パレスチナ承認150カ国超に 仏大統領「虐殺止めよ」、日本は見送り
米ニューヨークの国連本部で開かれたパレスチナ和平会議で、フランスのマクロン大統領はパレスチナを正式に国家承認すると表明した。マクロン氏は「ガザの爆撃と虐殺を止める時が来た」と述べ、イスラエルにガザ攻撃停止を強く要請した。
イギリスやカナダも同様に承認を行い、パレスチナを国家承認した国は150カ国を超える。しかしアメリカや日本、イタリアなどは承認を見送り、主要7カ国の対応は分かれた。マクロン氏は「承認は交渉の道を開く」とし、 イスラエルとパレスチナが独立国家として共存する「2国家解決」の必要性を訴えた。
ただ、イスラエルのネタニヤフ首相は「テロに莫大な報酬を与えている」と批判し、「パレスチナ国家は誕生しない」と断言している。国際社会も一枚岩ではなく、各国の立場の違いが浮き彫りになっている。
今更ながら、パレスチナ問題についてぼんやりくらいにしか理解していなかった為、改めてこの問題を調べてみたところ、何がどうやって『あまりにも複雑で、宗教や歴史、政治的な思惑が幾重にも絡み合い、一般の人間には到底理解しきれない問題』なのか少しは理解ができました。
しかしその複雑さの陰で、最も多くを背負わされているのは、ただ日常を穏やかに生きたいと願う普通の市民です。大多数の人々は戦争を望んでいない。

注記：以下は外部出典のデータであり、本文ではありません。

definition Zfield :: "(real^'p::finite \<Rightarrow> real) \<Rightarrow> real^'p \<Rightarrow> ('p \<Rightarrow> real) \<Rightarrow> real^'p \<Rightarrow> real" where
  "Zfield G ts al u = exp (G (ts + diag_scale al u) - G ts)"

definition penalty :: "('p::finite \<Rightarrow> real) \<Rightarrow> (real \<Rightarrow> real) \<Rightarrow> real^'p \<Rightarrow> real" where
  "penalty xi p th = (\<Sum>j\<in>UNIV. xi j * p (th $ j))"

end

theory Submission
  imports Defs
begin

text \<open>
  At a coordinate with \<open>\<theta>\<^sup>*\<^sub>j = 0\<close> the penalty can only grow, since \<open>p \<ge> 0 = p 0\<close>; at one with
  \<open>\<theta>\<^sup>*\<^sub>j \<noteq> 0\<close>, differentiability of \<open>p\<close> makes its drop at most linear in the step \<open>\<alpha>\<^sup>j\<^sub>T u\<^sub>j\<close>,
  and the weight \<open>\<xi>\<^sup>j\<^sub>T\<close> turns this into \<open>c\<^sub>0 K\<^sub>j \<bar>u\<^sub>j\<bar>\<close>. Hence, off a null set,
  \<open>Z\<^sup>\<dagger>\<^sub>T(u) \<le> Z\<^sub>T(u) exp (K \<bar>u\<bar>)\<close>.
  If the supremum of \<open>Z\<^sup>\<dagger>\<^sub>T\<close> over \<open>V\<^sub>T(r)\<close> reaches \<open>exp (- r\<^bsup>2-\<epsilon>'\<^esup>)\<close>, some \<open>u\<close> in a dyadic
  shell \<open>2\<^sup>k r \<le> \<bar>u\<bar> < 2\<^bsup>k+1\<^esup> r\<close> has \<open>Z\<^sub>T(u) \<ge> exp (- (2\<^sup>k r)\<^bsup>2-\<epsilon>\<^sub>L\<^esup>)\<close> once \<open>r\<close> is large,
  because the gap between the exponents \<open>2 - \<epsilon>\<^sub>L > 2 - \<epsilon>'\<close> absorbs the linear term.
  As \<open>U\<^sub>T\<close> is bounded only finitely many shells occur, and the bounds \<open>C\<^sub>L / (2\<^sup>k r)\<^sup>L\<close>
  form a geometric series.
\<close>

lemma outer_prob_le_measure: "B \<in> sets M \<Longrightarrow> A \<subseteq> B \<Longrightarrow> outer_prob M A \<le> measure M B"
  unfolding outer_prob_def by (rule cInf_lower) (auto intro: bdd_belowI[of _ 0])

lemma outer_prob_le_1: "prob_space M \<Longrightarrow> A \<subseteq> space M \<Longrightarrow> outer_prob M A \<le> 1"
  using outer_prob_le_measure[of "space M" M A] prob_space.prob_space by fastforce

lemma outer_prob_null: "N \<in> null_sets M \<Longrightarrow> A \<subseteq> N \<Longrightarrow> outer_prob M A \<le> 0"
  using outer_prob_le_measure[of N M A] by (simp add: measure_def null_sets_def)

lemma outer_prob_greatest:
  assumes "A \<subseteq> space M" and "\<And>B. B \<in> sets M \<Longrightarrow> A \<subseteq> B \<Longrightarrow> x \<le> measure M B"
  shows "x \<le> outer_prob M A"
  unfolding outer_prob_def using assms by (intro cInf_greatest) auto

lemma outer_prob_mono:
  "A \<subseteq> A' \<Longrightarrow> A' \<subseteq> space M \<Longrightarrow> outer_prob M A \<le> outer_prob M A'"
  by (rule outer_prob_greatest) (auto intro: outer_prob_le_measure)

lemma outer_prob_Un:
  assumes A: "A \<subseteq> space M" and A': "A' \<subseteq> space M"
  shows "outer_prob M (A \<union> A') \<le> outer_prob M A + outer_prob M A'"
proof -
  have "outer_prob M (A \<union> A') - measure M B' \<le> outer_prob M A"
    if B': "B' \<in> sets M" "A' \<subseteq> B'" for B'
  proof (rule outer_prob_greatest[OF A])
    fix B assume B: "B \<in> sets M" "A \<subseteq> B"
    have "outer_prob M (A \<union> A') \<le> measure M (B \<union> B')"
      using B B' by (intro outer_prob_le_measure) auto
    also have "\<dots> \<le> measure M B + measure M B'"
      using B B' by (intro measure_Un_le) auto
    finally show "outer_prob M (A \<union> A') - measure M B' \<le> measure M B" by simp
  qed
  then have "outer_prob M (A \<union> A') - outer_prob M A \<le> outer_prob M A'"
    by (intro outer_prob_greatest[OF A']) fastforce
  then show ?thesis by simp
qed

lemma outer_prob_UN_le_sum:
  assumes "finite I" and "\<And>i. i \<in> I \<Longrightarrow> A i \<subseteq> space M"
  shows "outer_prob M (\<Union>i\<in>I. A i) \<le> (\<Sum>i\<in>I. outer_prob M (A i))"
  using assms
proof (induction I rule: finite_induct)
  case empty
  show ?case using outer_prob_null[of "{}" M "{}"] by simp
next
  case (insert i I)
  have "outer_prob M (\<Union>k\<in>insert i I. A k) \<le> outer_prob M (A i) + outer_prob M (\<Union>k\<in>I. A k)"
    using insert.prems by (auto intro: outer_prob_Un)
  then show ?case using insert by simp
qed

lemma nonneg_drop_le_linear:
  fixes p :: "real \<Rightarrow> real"
  assumes p_nonneg: "\<And>x. p x \<ge> 0" and diff: "p differentiable (at t)"
  shows "\<exists>K\<ge>0. \<forall>h. p t - p (t + h) \<le> K * \<bar>h\<bar>"
proof -
  obtain D where "(p has_real_derivative D) (at t)"
    using diff real_differentiable_def by blast
  then have "((\<lambda>y. (p y - p t) / (y - t)) \<longlongrightarrow> D) (at t)"
    using has_field_derivative_iff by blast
  then have "eventually (\<lambda>y. dist ((p y - p t) / (y - t)) D < 1) (at t)"
    by (rule tendstoD) simp
  then obtain d where d: "d > 0" and quot:
    "\<And>y. y \<noteq> t \<Longrightarrow> dist y t < d \<Longrightarrow> dist ((p y - p t) / (y - t)) D < 1"
    unfolding eventually_at by blast
  define K where "K = \<bar>D\<bar> + 1 + p t / d"
  have "p t - p (t + h) \<le> K * \<bar>h\<bar>" for h
  proof (cases "\<bar>h\<bar> < d")
    case True
    have "\<bar>p (t + h) - p t\<bar> \<le> (\<bar>D\<bar> + 1) * \<bar>h\<bar>"
    proof (cases "h = 0")
      case False
      then have "\<bar>(p (t + h) - p t) / h - D\<bar> < 1"
        using quot[of "t + h"] True by (simp add: dist_real_def)
      then have "\<bar>(p (t + h) - p t) / h\<bar> \<le> \<bar>D\<bar> + 1" by arith
      then show ?thesis using False by (simp add: abs_divide divide_le_eq)
    qed simp
    moreover have "0 \<le> p t / d * \<bar>h\<bar>" using p_nonneg d by simp
    ultimately show ?thesis unfolding K_def by (simp add: algebra_simps)
  next
    case False
    have "d * p t \<le> \<bar>h\<bar> * p t" using False p_nonneg[of t] by (simp add: mult_right_mono)
    then have "p t \<le> p t / d * \<bar>h\<bar>" using d by (simp add: field_simps)
    then have "p t - p (t + h) \<le> p t / d * \<bar>h\<bar>" using p_nonneg[of "t + h"] by linarith
    also have "\<dots> \<le> K * \<bar>h\<bar>" unfolding K_def by (intro mult_right_mono) auto
    finally show ?thesis .
  qed
  moreover have "K \<ge> 0" unfolding K_def using d p_nonneg[of t] by simp
  ultimately show ?thesis by blast
qed

lemma penalty_drop_le_norm:
  fixes ts :: "real^'p::finite" and p :: "real \<Rightarrow> real"
  assumes p_nonneg: "\<And>x. p x \<ge> 0" and p0: "p 0 = 0" and c0: "c0 \<ge> 0"
    and diff: "\<And>j. ts $ j \<noteq> 0 \<Longrightarrow> p differentiable (at (ts $ j))"
  shows "\<exists>K\<ge>0. \<forall>xi al u. (\<forall>j. xi j > 0) \<longrightarrow> (\<forall>j. ts $ j \<noteq> 0 \<longrightarrow> \<bar>al j * xi j\<bar> \<le> c0) \<longrightarrow>
           penalty xi p ts - penalty xi p (ts + diag_scale al u) \<le> K * norm u"
proof -
  have "\<forall>j. \<exists>K\<ge>0. \<forall>h. p (ts $ j) - p (ts $ j + h) \<le> K * \<bar>h\<bar>"
  proof
    fix j show "\<exists>K\<ge>0. \<forall>h. p (ts $ j) - p (ts $ j + h) \<le> K * \<bar>h\<bar>"
    proof (cases "ts $ j = 0")
      case True then show ?thesis using p0 p_nonneg by (intro exI[of _ 0]) auto
    qed (use nonneg_drop_le_linear[OF p_nonneg diff] in blast)
  qed
  then obtain Kj where Kj0: "\<And>j. Kj j \<ge> 0"
    and Kj: "\<And>j h. p (ts $ j) - p (ts $ j + h) \<le> Kj j * \<bar>h\<bar>"
    by metis
  have "penalty xi p ts - penalty xi p (ts + diag_scale al u) \<le> (c0 * sum Kj UNIV) * norm u"
    if xi: "\<forall>j. xi j > 0" and small: "\<forall>j. ts $ j \<noteq> 0 \<longrightarrow> \<bar>al j * xi j\<bar> \<le> c0" for xi al u
  proof -
    have coord: "xi j * (p (ts $ j) - p (ts $ j + al j * u $ j)) \<le> c0 * Kj j * norm u" for j
    proof (cases "ts $ j = 0")
      case True
      have "0 \<le> xi j * p (ts $ j + al j * u $ j)" using xi p_nonneg by (simp add: less_imp_le)
      moreover have "0 \<le> c0 * Kj j * norm u" using c0 Kj0 by simp
      ultimately show ?thesis using True p0 by simp
    next
      case False
      have "xi j * (p (ts $ j) - p (ts $ j + al j * u $ j)) \<le> xi j * (Kj j * \<bar>al j * u $ j\<bar>)"
        using xi Kj by (simp add: mult_left_mono)
      also have "\<dots> = Kj j * \<bar>al j * xi j\<bar> * \<bar>u $ j\<bar>"
        using xi[rule_format, of j] by (simp add: abs_mult)
      also have "\<dots> \<le> Kj j * c0 * norm u"
        using small False Kj0 c0 component_le_norm_cart[of u j]
        by (intro mult_mono mult_left_mono) auto
      finally show ?thesis by (simp add: mult_ac)
    qed
    have "penalty xi p ts - penalty xi p (ts + diag_scale al u)
        = (\<Sum>j\<in>UNIV. xi j * (p (ts $ j) - p (ts $ j + al j * u $ j)))"
      unfolding penalty_def diag_scale_def by (simp add: sum_subtractf[symmetric] algebra_simps)
    also have "\<dots> \<le> (\<Sum>j\<in>UNIV. c0 * Kj j * norm u)" by (intro sum_mono coord)
    also have "\<dots> = (c0 * sum Kj UNIV) * norm u" by (simp add: sum_distrib_left sum_distrib_right)
    finally show ?thesis .
  qed
  moreover have "c0 * sum Kj UNIV \<ge> 0" using c0 Kj0 by (simp add: sum_nonneg)
  ultimately show ?thesis by blast
qed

それでも争いが終わらないのは、宗教や政治といった「正義」の名を借りた力が、人々の思いをはるかに超えて衝突し続けているからではないでしょうか。結局のところ、戦争を動かしているのは人々の憎しみや願いではなく、もっと深いところにある構造的な支配の仕組みや欲望なのだと思います。そう考えると、パレスチナ問題は単なる地域紛争ではなく、人間社会が抱える根本的な矛盾を映し出している鏡のようにも感じられます。そしてその鏡を前にしたとき、私たちは「平和を望む声」をどれほど大切にできるのか、まさに平和ボケをしていると揶揄される我が国日本にもその問いが鋭く突きつけられていると感じた記事でした。